**Aim of the task**
Could you set down exactly the lines of the data below, starting at the one that holds "symbols \<open>aroot p\<close>" and ending at the one that holds "(* Let $n\ge0$", both included, and only those?

**Records to process**
(* Let $\mathcal F=\{g\}\cup\{f_p:p\text{ prime}\}$, where $g$ and $f_p$ are the implicit operations of $\mathsf{RCR}$ defined by $\mathsf{inv}(x,y)=(x^2y\approx x)\wedge(xy^2\approx y)$ and $\exists\mathsf{root}_p(x,y)=\exists z\,(\mathsf{inv}(p,z)\wedge y^p\approx(1-zp)x)$ respectively. Then the pp expansion of $\mathsf{RCR}$ induced by $\mathcal F$ is simple and coincides with $\mathsf{ICM}=\mathsf{RCR}[\mathscr L_{\mathcal F}]$ (identifying the new symbol for $g$ with $(\,)^*$ and that for $f_p$ with $r_p$).
   Context: Rings are unital in the language $\{+,\cdot,-,0,1\}$; $\mathsf{RCR}$ is the quasivariety of reduced commutative rings. A field is weakly rooted if it has characteristic $0$, or prime characteristic $p$ with every element having a $p$-th root. Weak inverse: $a^*=a^{-1}$ if $a\ne0$, $0^*=0$; weak $p$-root: $r_p(a)=\sqrt[p]{a}$ if characteristic is $p$, else $0$. An implicitly closed field is a weakly rooted field expanded by $(\,)^*$ and all $r_p$; $\mathsf{ICM}$ is the class of algebras isomorphic to subalgebras of direct products of implicitly closed fields. An implicit operation $f$ of $\mathsf{RCR}$ defined by a formula $\varphi(\vec x,y)$ is a family of partial functions $f^{\mathbf A}$ ($\mathbf A\in\mathsf{RCR}$) with $\mathbf A\models\varphi(\vec a,b)$ iff $\vec a\in\mathrm{dom} f^{\mathbf A}$ and $f^{\mathbf A}(\vec a)=b$. For a set $\mathcal F$ of pp definable extendable implicit operations of a quasivariety $\mathsf K$, $\mathscr L_{\mathcal F}$ adds a new $n$-ary symbol for each $n$-ary $f\in\mathcal F$; $\mathsf K[\mathscr L_{\mathcal F}]$ is the class of expansions of those $\mathbf A\in\mathsf K$ in which all $f^{\mathbf A}$ ($f\in\mathcal F$) are total, interpreting the new symbols as $f^{\mathbf A}$; the pp expansion induced by $\mathcal F$ is the class of subalgebras of members of $\mathsf K[\mathscr L_{\mathcal F}]$, and it is simple if it equals $\mathsf K[\mathscr L_{\mathcal F}]$. *)

theory Defs
  imports "HOL-Computational_Algebra.Primes"
begin

text \<open>Algebras in the language of rings \<open>{+,\<cdot>,-,0,1}\<close> expanded by a unary symbol
  \<open>astar\<close> (for the implicit operation g, i.e. ( )*) and unary symbols \<open>aroot p\<close>
  (for f_p, i.e. r_p), only prime indices p being meaningful.\<close>

record 'a alg =
  acar  :: "'a set"
  aadd  :: "'a \<Rightarrow> 'a \<Rightarrow> 'a"
  amul  :: "'a \<Rightarrow> 'a \<Rightarrow> 'a"
  aneg  :: "'a \<Rightarrow> 'a"
  azero :: 'a
  aone  :: 'a
  astar :: "'a \<Rightarrow> 'a"
  aroot :: "nat \<Rightarrow> 'a \<Rightarrow> 'a"

fun natc :: "('a, 'b) alg_scheme \<Rightarrow> nat \<Rightarrow> 'a" where
  "natc A 0 = azero A"
| "natc A (Suc n) = aadd A (natc A n) (aone A)"

fun pw :: "('a, 'b) alg_scheme \<Rightarrow> 'a \<Rightarrow> nat \<Rightarrow> 'a" where
  "pw A x 0 = aone A"
| "pw A x (Suc n) = amul A (pw A x n) x"
(* Let $n\ge0$ be an integer, $\kappa\ge0$, and suppose each arc travel time function has the form $t_a(\mathbf v)=\sum_{m=0}^nb_{am}\big(\sum_{e\in\mathcal A}d_{aem}v_e\big)^m$ with constants $b_{am}\ge0$, $d_{aem}\ge0$. If $\mathbf f^0\in\mathbf F$ is a PRUE flow, then $(1+\kappa)\mathbf f^0$ is a $\sigma$-MSatUE flow in $\mathbf F_{1+\kappa}$ (i.e. for the demands $(1+\kappa)Q_w$), where $\sigma=(1+\kappa)^n-1$. In particular, when $n=1$, $\sigma=\kappa$.
   Context: Let $G=(\mathcal N,\mathcal A)$ be a finite directed graph and $\mathcal W$ a finite set of OD pairs; each $w$ has demand $Q_w>0$ and a finite set $\mathcal P_w$ of paths from its origin to its destination; $\mathcal P=\bigcup_w\mathcal P_w$; $\delta^p_a=1$ if arc $a$ lies on path $p$, else $0$. $\mathbf F=\{\mathbf f\ge0:\sum_{p\in\mathcal P_w}f_p=Q_w\ \forall w\}$, $\mathbf F_{1+\kappa}=\{(1+\kappa)\mathbf f:\mathbf f\in\mathbf F\}$. Arc flow $v_a=\sum_p\delta^p_af_p$; path travel time $c_p(\mathbf f)=\sum_a\delta^p_at_a(\mathbf v)$. A feasible flow (in the relevant set) is a PRUE if for all $w$, $p\in\mathcal P_w$: $f_p>0\implies c_p(\mathbf f)=\min_{p'\in\mathcal P_w}c_{p'}(\mathbf f)$; for $\sigma\ge0$ it is a $\sigma$-MSatUE if $f_p>0\implies c_p(\mathbf f)\le(1+\sigma)\min_{p'\in\mathcal P_w}c_{p'}(\mathbf f)$. *)

theory Defs
  imports Complex_Main
begin

text \<open>Nodes have type 'n, an arc is an ordered pair of nodes,
  an OD pair is a pair (origin, destination), and a path is a list of nodes
  whose consecutive pairs are arcs.\<close>

definition path_arcs :: "'n list \<Rightarrow> ('n \<times> 'n) set" where
  "path_arcs p = set (zip p (tl p))"

definition network ::
  "'n set \<Rightarrow> ('n \<times> 'n) set \<Rightarrow> ('n \<times> 'n) set \<Rightarrow> (('n \<times> 'n) \<Rightarrow> real)
     \<Rightarrow> (('n \<times> 'n) \<Rightarrow> 'n list set) \<Rightarrow> bool" where
  "network N A W Q Pw \<longleftrightarrow>
     finite N \<and> finite A \<and> A \<subseteq> N \<times> N \<and> finite W \<and> W \<subseteq> N \<times> N \<and>
     (\<forall>w\<in>W. Q w > 0) \<and>
     (\<forall>w\<in>W. finite (Pw w) \<and>
        (\<forall>p\<in>Pw w. p \<noteq> [] \<and> hd p = fst w \<and> last p = snd w \<and> path_arcs p \<subseteq> A))"

definition all_paths :: "('n \<times> 'n) set \<Rightarrow> (('n \<times> 'n) \<Rightarrow> 'n list set) \<Rightarrow> 'n list set" where
  "all_paths W Pw = (\<Union>w\<in>W. Pw w)"

definition feasible ::
  "('n \<times> 'n) set \<Rightarrow> (('n \<times> 'n) \<Rightarrow> real) \<Rightarrow> (('n \<times> 'n) \<Rightarrow> 'n list set)
     \<Rightarrow> ('n list \<Rightarrow> real) set" where
  "feasible W Q Pw = {f. (\<forall>p\<in>all_paths W Pw. f p \<ge> 0) \<and> (\<forall>w\<in>W. (\<Sum>p\<in>Pw w. f p) = Q w)}"

definition arc_flow ::
  "('n \<times> 'n) set \<Rightarrow> (('n \<times> 'n) \<Rightarrow> 'n list set) \<Rightarrow> ('n list \<Rightarrow> real) \<Rightarrow> ('n \<times> 'n) \<Rightarrow> real" where
  "arc_flow W Pw f a = (\<Sum>p\<in>all_paths W Pw. (if a \<in> path_arcs p then 1 else 0) * f p)"

definition path_cost ::
  "('n \<times> 'n) set \<Rightarrow> ('n \<times> 'n) set \<Rightarrow> (('n \<times> 'n) \<Rightarrow> 'n list set)
     \<Rightarrow> (('n \<times> 'n) \<Rightarrow> (('n \<times> 'n) \<Rightarrow> real) \<Rightarrow> real) \<Rightarrow> ('n list \<Rightarrow> real) \<Rightarrow> 'n list \<Rightarrow> real" where
  "path_cost A W Pw t f p = (\<Sum>a\<in>A. (if a \<in> path_arcs p then 1 else 0) * t a (arc_flow W Pw f))"

definition MSatUE where
  "MSatUE A W Q Pw t \<sigma> f \<longleftrightarrow> f \<in> feasible W Q Pw \<and>
     (\<forall>w\<in>W. \<forall>p\<in>Pw w. f p > 0 \<longrightarrow>
        path_cost A W Pw t f p \<le> (1 + \<sigma>) * (MIN p'\<in>Pw w. path_cost A W Pw t f p'))"

definition PRUE where
  "PRUE A W Q Pw t f \<longleftrightarrow> f \<in> feasible W Q Pw \<and>
     (\<forall>w\<in>W. \<forall>p\<in>Pw w. f p > 0 \<longrightarrow>
        path_cost A W Pw t f p = (MIN p'\<in>Pw w. path_cost A W Pw t f p'))"

end

theory Submission
  imports Defs
begin

text \<open>Scaling all path flows by \<open>c = 1 + \<kappa> \<ge> 1\<close> scales every arc flow by \<open>c\<close>, so each
  monomial of degree \<open>m \<le> n\<close> in a travel time grows by the factor \<open>c ^ m \<in> [1, c ^ n]\<close>.
  Hence every path cost at least keeps its old value and grows at most by \<open>c ^ n\<close>.
  A used path was shortest before scaling, so its new cost is at most \<open>c ^ n\<close> times the
  old minimum, which in turn is at most the new minimum.\<close>

lemma sum_powers_le_sum_powers_scaled:
  fixes b x :: "nat \<Rightarrow> 'a::linordered_semidom"
  assumes "c \<ge> 1" and "\<And>m. m \<le> n \<Longrightarrow> b m \<ge> 0" and "\<And>m. m \<le> n \<Longrightarrow> x m \<ge> 0"
  shows "(\<Sum>m\<le>n. b m * x m ^ m) \<le> (\<Sum>m\<le>n. b m * (c * x m) ^ m)"
proof (rule sum_mono)
  fix m assume "m \<in> {..n}"
  with assms have "x m \<le> c * x m"
    using mult_right_mono[of 1 c "x m"] by simp
  with assms \<open>m \<in> {..n}\<close> show "b m * x m ^ m \<le> b m * (c * x m) ^ m"
    by (intro mult_left_mono power_mono) auto
qed

lemma sum_powers_scaled_le_power_mult:
  fixes b x :: "nat \<Rightarrow> 'a::linordered_semidom"
  assumes "c \<ge> 1" and "\<And>m. m \<le> n \<Longrightarrow> b m \<ge> 0" and "\<And>m. m \<le> n \<Longrightarrow> x m \<ge> 0"
  shows "(\<Sum>m\<le>n. b m * (c * x m) ^ m) \<le> c ^ n * (\<Sum>m\<le>n. b m * x m ^ m)"
  unfolding sum_distrib_left
proof (rule sum_mono)
  fix m assume "m \<in> {..n}"
  with assms have "c ^ m * (b m * x m ^ m) \<le> c ^ n * (b m * x m ^ m)"
    by (intro mult_right_mono power_increasing) auto
  then show "b m * (c * x m) ^ m \<le> c ^ n * (b m * x m ^ m)"
    by (simp add: power_mult_distrib ac_simps)
qed

lemma polynomial_travel_time_scaled_bounds:
  fixes t :: "'e \<Rightarrow> ('e \<Rightarrow> real) \<Rightarrow> real" and v :: "'e \<Rightarrow> real"
  assumes t_form: "\<And>v. t a v = (\<Sum>m\<le>n. b m * (\<Sum>e\<in>A. d e m * v e) ^ m)"
    and b_nonneg: "\<And>m. m \<le> n \<Longrightarrow> b m \<ge> 0"
    and d_nonneg: "\<And>e m. e \<in> A \<Longrightarrow> m \<le> n \<Longrightarrow> d e m \<ge> 0"
    and v_nonneg: "\<And>e. e \<in> A \<Longrightarrow> v e \<ge> 0"
    and "c \<ge> 1"
  shows "t a v \<le> t a (\<lambda>e. c * v e)" and "t a (\<lambda>e. c * v e) \<le> c ^ n * t a v"
proof -
  define x where "x m = (\<Sum>e\<in>A. d e m * v e)" for m
  have x_nonneg: "x m \<ge> 0" if "m \<le> n" for m
    unfolding x_def using d_nonneg v_nonneg that by (intro sum_nonneg) auto
  have "t a v = (\<Sum>m\<le>n. b m * x m ^ m)"
    by (simp add: t_form x_def)
  moreover have "t a (\<lambda>e. c * v e) = (\<Sum>m\<le>n. b m * (c * x m) ^ m)"
    by (simp add: t_form x_def sum_distrib_left ac_simps)
  ultimately show "t a v \<le> t a (\<lambda>e. c * v e)" and "t a (\<lambda>e. c * v e) \<le> c ^ n * t a v"
    using sum_powers_le_sum_powers_scaled[OF \<open>c \<ge> 1\<close> b_nonneg x_nonneg]
      sum_powers_scaled_le_power_mult[OF \<open>c \<ge> 1\<close> b_nonneg x_nonneg] by simp_all
qed

lemma arc_flow_scale: "arc_flow W Pw (\<lambda>p. c * f p) = (\<lambda>e. c * arc_flow W Pw f e)"
  by (rule ext) (simp add: arc_flow_def sum_distrib_left ac_simps)

lemma arc_flow_nonneg: "f \<in> feasible W Q Pw \<Longrightarrow> arc_flow W Pw f e \<ge> 0"
  unfolding arc_flow_def feasible_def by (intro sum_nonneg) auto

lemma feasible_scale:
  assumes "f \<in> feasible W Q Pw" and "c \<ge> 0"
  shows "(\<lambda>p. c * f p) \<in> feasible W (\<lambda>w. c * Q w) Pw"
  using assms by (simp add: feasible_def sum_distrib_left[symmetric])

lemma path_cost_mono:
  assumes "\<And>a. a \<in> A \<Longrightarrow> t a (arc_flow W Pw f) \<le> t a (arc_flow W Pw g)"
  shows "path_cost A W Pw t f p \<le> path_cost A W Pw t g p"
  unfolding path_cost_def using assms by (intro sum_mono) auto

lemma path_cost_le_mult:
  assumes "\<And>a. a \<in> A \<Longrightarrow> t a (arc_flow W Pw g) \<le> K * t a (arc_flow W Pw f)"
  shows "path_cost A W Pw t g p \<le> K * path_cost A W Pw t f p"
  unfolding path_cost_def sum_distrib_left using assms by (intro sum_mono) auto

lemma MSatUE_if_PRUE_cost_bounds:
  assumes fin: "\<forall>w\<in>W. finite (Pw w)"
    and prue: "PRUE A W Q Pw t f0"
    and feas: "g \<in> feasible W Q' Pw"
    and support: "\<And>p. g p > 0 \<Longrightarrow> f0 p > 0"
    and cost_ge: "\<And>p. path_cost A W Pw t f0 p \<le> path_cost A W Pw t g p"
    and cost_le: "\<And>p. path_cost A W Pw t g p \<le> (1 + \<sigma>) * path_cost A W Pw t f0 p"
    and "1 + \<sigma> \<ge> 0"
  shows "MSatUE A W Q' Pw t \<sigma> g"
  unfolding MSatUE_def
proof (intro conjI feas ballI impI)
  fix w p assume "w \<in> W" "p \<in> Pw w" "g p > 0"
  let ?min = "\<lambda>f. MIN p'\<in>Pw w. path_cost A W Pw t f p'"
  have "path_cost A W Pw t f0 p = ?min f0"
    using prue support \<open>w \<in> W\<close> \<open>p \<in> Pw w\<close> \<open>g p > 0\<close> by (simp add: PRUE_def)
  also have "\<dots> \<le> ?min g"
    using fin \<open>w \<in> W\<close> \<open>p \<in> Pw w\<close> cost_ge by (auto intro!: Min.boundedI intro: order.trans[OF Min_le])
  finally have "(1 + \<sigma>) * path_cost A W Pw t f0 p \<le> (1 + \<sigma>) * ?min g"
    using \<open>1 + \<sigma> \<ge> 0\<close> by (rule mult_left_mono)
  with cost_le show "path_cost A W Pw t g p \<le> (1 + \<sigma>) * ?min g"
    by (rule order.trans)
qed

theorem lemma8:
  fixes N :: "'n set" and A W :: "('n \<times> 'n) set" and Q :: "('n \<times> 'n) \<Rightarrow> real"
    and Pw :: "('n \<times> 'n) \<Rightarrow> 'n list set"
    and t :: "('n \<times> 'n) \<Rightarrow> (('n \<times> 'n) \<Rightarrow> real) \<Rightarrow> real"
    and n :: nat and \<kappa> :: real
    and b :: "('n \<times> 'n) \<Rightarrow> nat \<Rightarrow> real" and d :: "('n \<times> 'n) \<Rightarrow> ('n \<times> 'n) \<Rightarrow> nat \<Rightarrow> real"
    and f0 :: "'n list \<Rightarrow> real"
  assumes net: "network N A W Q Pw"
    and kappa: "\<kappa> \<ge> 0"
    and b_nonneg: "\<forall>a\<in>A. \<forall>m\<le>n. b a m \<ge> 0"
    and d_nonneg: "\<forall>a\<in>A. \<forall>e\<in>A. \<forall>m\<le>n. d a e m \<ge> 0"
    and t_form: "\<forall>a\<in>A. \<forall>v. t a v = (\<Sum>m\<le>n. b a m * (\<Sum>e\<in>A. d a e m * v e) ^ m)"
    and prue: "f0 \<in> feasible W Q Pw" "PRUE A W Q Pw t f0"
  shows "(\<lambda>p. (1 + \<kappa>) * f0 p) \<in> (\<lambda>f. (\<lambda>p. (1 + \<kappa>) * f p)) ` feasible W Q Pw
       \<and> MSatUE A W (\<lambda>w. (1 + \<kappa>) * Q w) Pw t ((1 + \<kappa>) ^ n - 1) (\<lambda>p. (1 + \<kappa>) * f0 p)"
proof
  show "(\<lambda>p. (1 + \<kappa>) * f0 p) \<in> (\<lambda>f. (\<lambda>p. (1 + \<kappa>) * f p)) ` feasible W Q Pw"
    using prue(1) by blast
  let ?c = "1 + \<kappa>" and ?v0 = "arc_flow W Pw f0"
  have time_bounds: "t a ?v0 \<le> t a (\<lambda>e. ?c * ?v0 e)" "t a (\<lambda>e. ?c * ?v0 e) \<le> ?c ^ n * t a ?v0"
    if "a \<in> A" for a
    using polynomial_travel_time_scaled_bounds[where b = "b a" and d = "d a" and c = ?c]
      that t_form b_nonneg d_nonneg arc_flow_nonneg[OF prue(1)] kappa by simp_all
  show "MSatUE A W (\<lambda>w. ?c * Q w) Pw t (?c ^ n - 1) (\<lambda>p. ?c * f0 p)"
  proof (rule MSatUE_if_PRUE_cost_bounds[OF _ prue(2)])
    show "\<forall>w\<in>W. finite (Pw w)" using net by (simp add: network_def)
    show "(\<lambda>p. ?c * f0 p) \<in> feasible W (\<lambda>w. ?c * Q w) Pw"
      using kappa by (intro feasible_scale prue(1)) simp
  qed (use kappa time_bounds in \<open>auto simp: arc_flow_scale zero_less_mult_iff
        intro: path_cost_mono path_cost_le_mult\<close>)
qed

end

**Exercise result**
  \<open>astar\<close> (for the implicit operation g, i.e. ( )*) and unary symbols \<open>aroot p\<close>
  (for f_p, i.e. r_p), only prime indices p being meaningful.\<close>

record 'a alg =
  acar  :: "'a set"
  aadd  :: "'a \<Rightarrow> 'a \<Rightarrow> 'a"
  amul  :: "'a \<Rightarrow> 'a \<Rightarrow> 'a"
  aneg  :: "'a \<Rightarrow> 'a"
  azero :: 'a
  aone  :: 'a
  astar :: "'a \<Rightarrow> 'a"
  aroot :: "nat \<Rightarrow> 'a \<Rightarrow> 'a"

fun natc :: "('a, 'b) alg_scheme \<Rightarrow> nat \<Rightarrow> 'a" where
  "natc A 0 = azero A"
| "natc A (Suc n) = aadd A (natc A n) (aone A)"

fun pw :: "('a, 'b) alg_scheme \<Rightarrow> 'a \<Rightarrow> nat \<Rightarrow> 'a" where
  "pw A x 0 = aone A"
| "pw A x (Suc n) = amul A (pw A x n) x"
(* Let $n\ge0$ be an integer, $\kappa\ge0$, and suppose each arc travel time function has the form $t_a(\mathbf v)=\sum_{m=0}^nb_{am}\big(\sum_{e\in\mathcal A}d_{aem}v_e\big)^m$ with constants $b_{am}\ge0$, $d_{aem}\ge0$. If $\mathbf f^0\in\mathbf F$ is a PRUE flow, then $(1+\kappa)\mathbf f^0$ is a $\sigma$-MSatUE flow in $\mathbf F_{1+\kappa}$ (i.e. for the demands $(1+\kappa)Q_w$), where $\sigma=(1+\kappa)^n-1$. In particular, when $n=1$, $\sigma=\kappa$.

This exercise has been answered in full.